Visualizing CFD data using plotly

Computational fluid dynamics (CFD) is an indispensable tool in aerospace engineering. These expensive simulations produce a large amount of three-dimensional flow data, and in order to gain understanding from the results we employ interactive visualization. We generally use purpose-built desktop applications such as Tecplot or Ensight to do this. However, the software is expensive and this makes it difficult to share results (other than in simple 2D renderings). In this post, I will demonstrate how to create web-based, interactive, 3D visualizations of surface pressure data using a free and open-source software stack.

Check out this example result from one of my earlier research papers! (Flexible Formulation of Spatial Integration Constraints in Aerodynamic Shape Optimization )

Click to load

Intro to Plotly

I’m very impressed with the plotly graphing library for Python. Previously, I’ve mostly used the matplotlib package for static visualization, and bokeh for interactive charts. In my view, plotly is now the best available free tool for creating interactive charts in Python.

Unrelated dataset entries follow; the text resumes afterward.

theorem lemma2:
  fixes S :: "'i::order set"
    and P :: "'i \<Rightarrow> 'a set"
    and \<nu> :: "'i \<Rightarrow> 'a rel"
    and \<psi> :: "'i \<Rightarrow> 'i \<Rightarrow> 'a \<Rightarrow> 'a"
    and z0 z1 :: 'a
    and j :: 'i
  assumes S_bounded: "\<exists>b\<in>S. \<exists>t\<in>S. \<forall>i\<in>S. b \<le> i \<and> i \<le> t"
    and P_bounded: "\<forall>i\<in>S. bounded_order (P i) (\<nu> i)"
    and P_card: "\<forall>i\<in>S. \<exists>x\<in>P i. \<exists>y\<in>P i. x \<noteq> y"
    and P_01: "\<forall>i\<in>S. is_least (P i) (\<nu> i) z0 \<and> is_greatest (P i) (\<nu> i) z1"
    and P_disj: "\<forall>i\<in>S. \<forall>k\<in>S. i \<noteq> k \<longrightarrow> P i \<inter> P k = {z0, z1}"
    and \<psi>_maps: "\<forall>i\<in>S. \<forall>k\<in>S. i \<le> k \<longrightarrow> zero_separating (P i) (\<nu> i) (P k) (\<nu> k) (\<psi> i k)"
    and \<psi>_id: "\<forall>i\<in>S. \<forall>x\<in>P i. \<psi> i i x = x"
    and \<psi>_comp: "\<forall>i\<in>S. \<forall>k\<in>S. \<forall>l\<in>S. i \<le> k \<and> k \<le> l \<longrightarrow>
                   (\<forall>x\<in>P i. \<psi> k l (\<psi> i k x) = \<psi> i l x)"
    and j_in: "j \<in> S"
  shows "let R = \<Union> {P i | i. i \<in> S \<and> i \<le> j};
             \<nu>hat = quo R (\<Union> {\<nu> i | i. i \<in> S \<and> i \<le> j}
                 \<union> \<Union> {{(x, \<psi> i j x) | x. x \<in> P i} | i. i \<in> S \<and> i \<le> j}
                 \<union> \<Union> {{(\<psi> i j x, x) | x. x \<in> P i} | i. i \<in> S \<and> i \<le> j});
             \<Theta>hat = \<nu>hat \<inter> \<nu>hat\<inverse>
         in \<exists>\<kappa>. (\<forall>i\<in>S. i \<le> j \<longrightarrow> (\<forall>x\<in>P i. \<kappa> (\<Theta>hat `` {x}) = \<psi> i j x))
             \<and> order_iso (R // \<Theta>hat) (quot_order \<nu>hat \<Theta>hat) (P j) (\<nu> j) \<kappa>"
proof -
  interpret glued_orders "{i \<in> S. i \<le> j}" P \<nu> "\<lambda>i. \<psi> i j" j z0 z1
  proof
    show "j \<in> {i \<in> S. i \<le> j}"
      using j_in by simp
    show "\<psi> j j x = x" if "x \<in> P j" for x
      using \<psi>_id j_in that by blast
    fix i k assume i: "i \<in> {i \<in> S. i \<le> j}"
    show "order_on (P i) (\<nu> i)"
      using P_bounded i unfolding bounded_order_def by blast
    show "is_least (P i) (\<nu> i) z0" "is_greatest (P i) (\<nu> i) z1"
      using P_01 i by blast+
    show "mono_01 (P i) (\<nu> i) (P j) (\<nu> j) (\<psi> i j)"
      using \<psi>_maps i j_in unfolding zero_separating_def by blast
    show "P i \<inter> P k \<subseteq> {z0, z1}" if "k \<in> {i \<in> S. i \<le> j}" "i \<noteq> k"
      using P_disj i that by blast
  qed
  show ?thesis
    using quotient_order_iso unfolding carrier_def generators_def Let_def
    by (simp add: Ball_def imp_conjL)
qed

end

The Plotly Express API makes it trivially easy to create and animate simple charts (like scatters and bars). If you need more detailed control over your figures, there is a lower-level graph object API which is what we will be using today.

To install Plotly, I recommend starting from the Anaconda Python 3 distribution. Once you have a working Anaconda installation, from your command line, type conda install plotly and you should be all set. Check out the examples and tutorials available on the plotly Python reference page.

We will be using the Mesh3d graph object today. To familiarize yourself, check out the Mesh3d examples page. The Mesh3d trace takes a triangulated surface and renders it in 3D, complete with lighting effects and shading. I’ll briefly cover the format plotly expects to see.

The Mesh3d constructor takes several arguments, including the following geometry data:

• x, y, z - Lists of coordinates of the vertices of your surface (all \(N_v\) by \(1\) numpy arrays, where \(N_v\) is the number of vertices)
• intensity - The quantity to plot at each vertex point using a color scale. For example, \(C_p\). It should be the same dimensions as x, y, z since each value corresponds to a point, not a face.
• i, j, k - Lists of vertex indices which comprise the triangles of your surface (all \(N_t\) by \(1\) numpy integer arrays, where \(N_t\) is the number of triangles). The maximum value of the entries of i, j, k should be \(N_v\).

Alternatively, you can provide a point cloud (x, y, z only) and plotly can try to construct a Delaunay triangulation of the object, and the plotly Mesh3d example page provides an example of this. However, I don’t recommend this approach if you have CFD data since you already know the structure of the mesh.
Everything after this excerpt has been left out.